2021-07-02 10:34:00.600 ERROR c.s.a.s.i.SearchServiceImpl
org.apache.http.ConnectionClosedException: Connection closed unexpectedly
	at org.elasticsearch.client.RestClient.extractAndWrapCause(RestClient.java:813)
	at org.elasticsearch.client.RestClient.performRequest(RestClient.java:248)
	at org.elasticsearch.client.RestClient.performRequest(RestClient.java:235)
	at org.elasticsearch.client.RestHighLevelClient.internalPerformRequest(RestHighLevelClient.java:1514)
	at org.elasticsearch.client.RestHighLevelClient.performRequest(RestHighLevelClient.java:1484)
	at org.elasticsearch.client.RestHighLevelClient.performRequestAndParseEntity(RestHighLevelClient.java:1454)
	at org.elasticsearch.client.RestHighLevelClient.search(RestHighLevelClient.java:970)

1.2、紧接着I/O dispatch线程异常退出

2021-07-02 10:34:00.709 ERROR o.a.h.i.n.c.CloseableHttpAsyncClientBase$1 [run:66] [pool-1-thread-1] []
				- I/O reactor terminated abnormally
org.apache.http.nio.reactor.IOReactorException: I/O dispatch worker terminated abnormally
	at org.apache.http.impl.nio.reactor.AbstractMultiworkerIOReactor.execute(AbstractMultiworkerIOReactor.java:359)
	at org.apache.http.impl.nio.conn.PoolingNHttpClientConnectionManager.execute(PoolingNHttpClientConnectionManager.java:221)
	at org.apache.http.impl.nio.client.CloseableHttpAsyncClientBase$1.run(CloseableHttpAsyncClientBase.java:64)
	at java.lang.Thread.run(Thread.java:748)
Caused by: java.lang.NoSuchMethodError: org.apache.http.ConnectionClosedException: method <init>()V not found
	at org.apache.http.nio.protocol.HttpAsyncRequestExecutor.endOfInput(HttpAsyncRequestExecutor.java:356)
	at org.apache.http.impl.nio.DefaultNHttpClientConnection.consumeInput(DefaultNHttpClientConnection.java:261)
	at org.apache.http.impl.nio.client.InternalIODispatch.onInputReady(InternalIODispatch.java:81)
	at org.apache.http.impl.nio.client.InternalIODispatch.onInputReady(InternalIODispatch.java:39)
	at org.apache.http.impl.nio.reactor.AbstractIODispatch.inputReady(AbstractIODispatch.java:114)
	at org.apache.http.impl.nio.reactor.BaseIOReactor.readable(BaseIOReactor.java:162)
	at org.apache.http.impl.nio.reactor.AbstractIOReactor.processEvent(AbstractIOReactor.java:337)
	at org.apache.http.impl.nio.reactor.AbstractIOReactor.processEvents(AbstractIOReactor.java:315)
	at org.apache.http.impl.nio.reactor.AbstractIOReactor.execute(AbstractIOReactor.java:276)
	at org.apache.http.impl.nio.reactor.BaseIOReactor.execute(BaseIOReactor.java:104)
	at org.apache.http.impl.nio.reactor.AbstractMultiworkerIOReactor$Worker.run(AbstractMultiworkerIOReactor.java:591)

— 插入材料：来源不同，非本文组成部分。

lemma partially_differentiable_cong_eventually:
  fixes x :: "real^'d::finite"
  assumes "eventually (\<lambda>y. f y = h y) (nhds x)" "partially_differentiable h x"
  shows "partially_differentiable f x"
proof (rule partially_differentiableI)
  fix a
  have "eventually (\<lambda>t. t \<in> UNIV \<longrightarrow> f (x + t *\<^sub>R axis a 1) = h (x + t *\<^sub>R axis a 1)) (nhds 0)"
    using eventually_nhds_along_axis[OF assms(1), of a] by simp
  moreover have "f x = h x"
    using assms(1) eventually_nhds_x_imp_x by blast
  ultimately show "((\<lambda>t. f (x + t *\<^sub>R axis a 1)) has_vector_derivative partial a h x) (at 0)"
    using has_vector_derivative_partial[OF assms(2), of a] by (simp add: has_vector_derivative_cong_ev)
qed

lemma smooth_on_partially_differentiable:
  "smooth_on S f \<Longrightarrow> x \<in> S \<Longrightarrow> partially_differentiable (pd as f) x"
  unfolding smooth_on_def partially_differentiable_def by blast

lemma matrix_inv_cramer:
  fixes A :: "real^'n::finite^'n"
  assumes "det A \<noteq> 0"
  shows "matrix_inv A $ k $ j = det (\<chi> i l. if l = k then axis j 1 $ i else A $ i $ l) / det A"
proof -
  have "invertible A"
    using assms invertible_det_nz by blast
  then have "A ** matrix_inv A = mat 1 \<and> matrix_inv A ** A = mat 1"
    unfolding invertible_def matrix_inv_def by (rule someI_ex)
  then have "A *v (matrix_inv A *v axis j 1) = axis j 1"
    by (simp add: matrix_vector_mul_assoc)
  then have "matrix_inv A *v axis j 1 = (\<chi> k. det (\<chi> i l. if l = k then axis j 1 $ i else A $ i $ l) / det A)"
    using cramer[OF assms] by blast
  then have "(matrix_inv A *v axis j 1) $ k = det (\<chi> i l. if l = k then axis j 1 $ i else A $ i $ l) / det A"
    by simp
  then show ?thesis
    by (simp add: matrix_vector_mult_basis column_def)
qed

lemma pos_def_imp_det_nonzero:
  fixes A :: "real^'n::finite^'n"
  assumes "\<forall>v. v \<noteq> 0 \<longrightarrow> v \<bullet> (A *v v) > 0"
  shows "det A \<noteq> 0"
proof -
  have "inj ((*v) A)"
  proof (rule injI)
    fix v w assume "A *v v = A *v w"
    then have "A *v (v - w) = 0"
      by (simp add: matrix_vector_mult_diff_distrib)
    then show "v = w"
      using assms[rule_format, of "v - w"] by auto
  qed
  then show ?thesis
    using det_nz_iff_inj[of "(*v) A"] by simp
qed

lemma partially_differentiable_matrix_inv:
  fixes G :: "real^'d::finite \<Rightarrow> real^'n::finite^'n"
  assumes "open U" "x \<in> U" "\<And>y. y \<in> U \<Longrightarrow> det (G y) \<noteq> 0"
    and "\<And>i j. partially_differentiable (\<lambda>y. G y $ i $ j) x"
  shows "partially_differentiable (\<lambda>y. matrix_inv (G y) $ k $ j) x"
proof (rule partially_differentiable_cong_eventually)
  show "eventually (\<lambda>y. matrix_inv (G y) $ k $ j =
      det (\<chi> i l. if l = k then axis j 1 $ i else G y $ i $ l) / det (G y)) (nhds x)"
    using eventually_nhds_in_open[OF assms(1,2)]
    by (rule eventually_mono) (simp add: matrix_inv_cramer assms(3))
  show "partially_differentiable
      (\<lambda>y. det (\<chi> i l. if l = k then axis j 1 $ i else G y $ i $ l) / det (G y)) x"
  proof (intro partially_differentiable_divide partially_differentiable_det)
    fix i l
    show "partially_differentiable (\<lambda>y. (\<chi> i l. if l = k then axis j 1 $ i else G y $ i $ l) $ i $ l) x"
      by (cases "l = k") (simp_all add: assms partially_differentiable_const)
  qed (auto simp: assms)
qed

lemma christoffel_sym:
  assumes "open U" "x \<in> U" "\<And>y. y \<in> U \<Longrightarrow> transpose (g y) = g y"
  shows "christoffel g c a b x = christoffel g c b a x"
proof -
  have "eventually (\<lambda>y. g y $ a $ b = g y $ b $ a) (nhds x)"
    using eventually_nhds_in_open[OF assms(1,2)]
  proof (rule eventually_mono)
    fix y assume "y \<in> U"
    then have "transpose (g y) $ b $ a = g y $ b $ a"
      using assms(3) by simp
    then show "g y $ a $ b = g y $ b $ a"
      by (simp add: transpose_def)
  qed
  then have "partial e (\<lambda>y. g y $ a $ b) x = partial e (\<lambda>y. g y $ b $ a) x" for e
    by (rule partial_cong_eventually)
  then show ?thesis
    unfolding christoffel_def by (simp add: algebra_simps)
qed
theorem theorem1p2:
  fixes N :: nat and z :: "nat \<Rightarrow> complex"
  assumes "N \<ge> 1"
  shows "(\<Prod>i=1..N. bw_norm [:- z i, 1:])
    \<le> sqrt (exp (real N) / (real N + 1)) * bw_norm (\<Prod>i=1..N. [:- z i, 1:])"
proof (rule power2_le_imp_le)
  \<comment> \<open>The bound also holds for \<open>N = 0\<close>.\<close>
  define P where "P = (\<Prod>i=1..N. [:- z i, 1:])"
  have "(\<Prod>i=1..N. bw_norm [:- z i, 1:])\<^sup>2 = (\<Prod>i=1..N. 1 + (cmod (z i))\<^sup>2)"
    by (simp add: bw_norm_def prod_power_distrib add.commute)
  also have "\<dots> \<le> exp (real N) * (bw_norm P)\<^sup>2 / (N + 1)"
    using prod_one_plus_cmod_sq_le_bw_norm_sq[of "{1..N}" z]
    by (simp add: P_def exp_minus field_simps)
  also have "\<dots> = (sqrt (exp (real N) / (real N + 1)) * bw_norm P)\<^sup>2"
    by (simp add: power_mult_distrib)
  finally show "(\<Prod>i=1..N. bw_norm [:- z i, 1:])\<^sup>2
      \<le> (sqrt (exp (real N) / (real N + 1)) * bw_norm (\<Prod>i=1..N. [:- z i, 1:]))\<^sup>2"
    by (simp add: P_def)
  show "0 \<le> sqrt (exp (real N) / (real N + 1)) * bw_norm (\<Prod>i=1..N. [:- z i, 1:])"
    by (simp add: bw_norm_def sum_nonneg)
qed

end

1.3、后续每2分钟的任务执行都是I/O reactor已停止的错误

2021-07-02 10:36:00.633 ERROR c.s.c.f.ServiceExceptionFiler
java.lang.RuntimeException: Request cannot be executed; I/O reactor status: STOPPED
	at org.elasticsearch.client.RestClient.extractAndWrapCause(RestClient.java:831)
	at org.elasticsearch.client.RestClient.performRequest(RestClient.java:248)
	at org.elasticsearch.client.RestClient.performRequest(RestClient.java:235)
	at org.elasticsearch.client.RestHighLevelClient.internalPerformRequest(RestHighLevelClient.java:1514)
	at org.elasticsearch.client.RestHighLevelClient.performRequest(RestHighLevelClient.java:1484)
	at org.elasticsearch.client.RestHighLevelClient.performRequestAndParseEntity(RestHighLevelClient.java:1454)
	at org.elasticsearch.client.RestHighLevelClient.search(RestHighLevelClient.java:970)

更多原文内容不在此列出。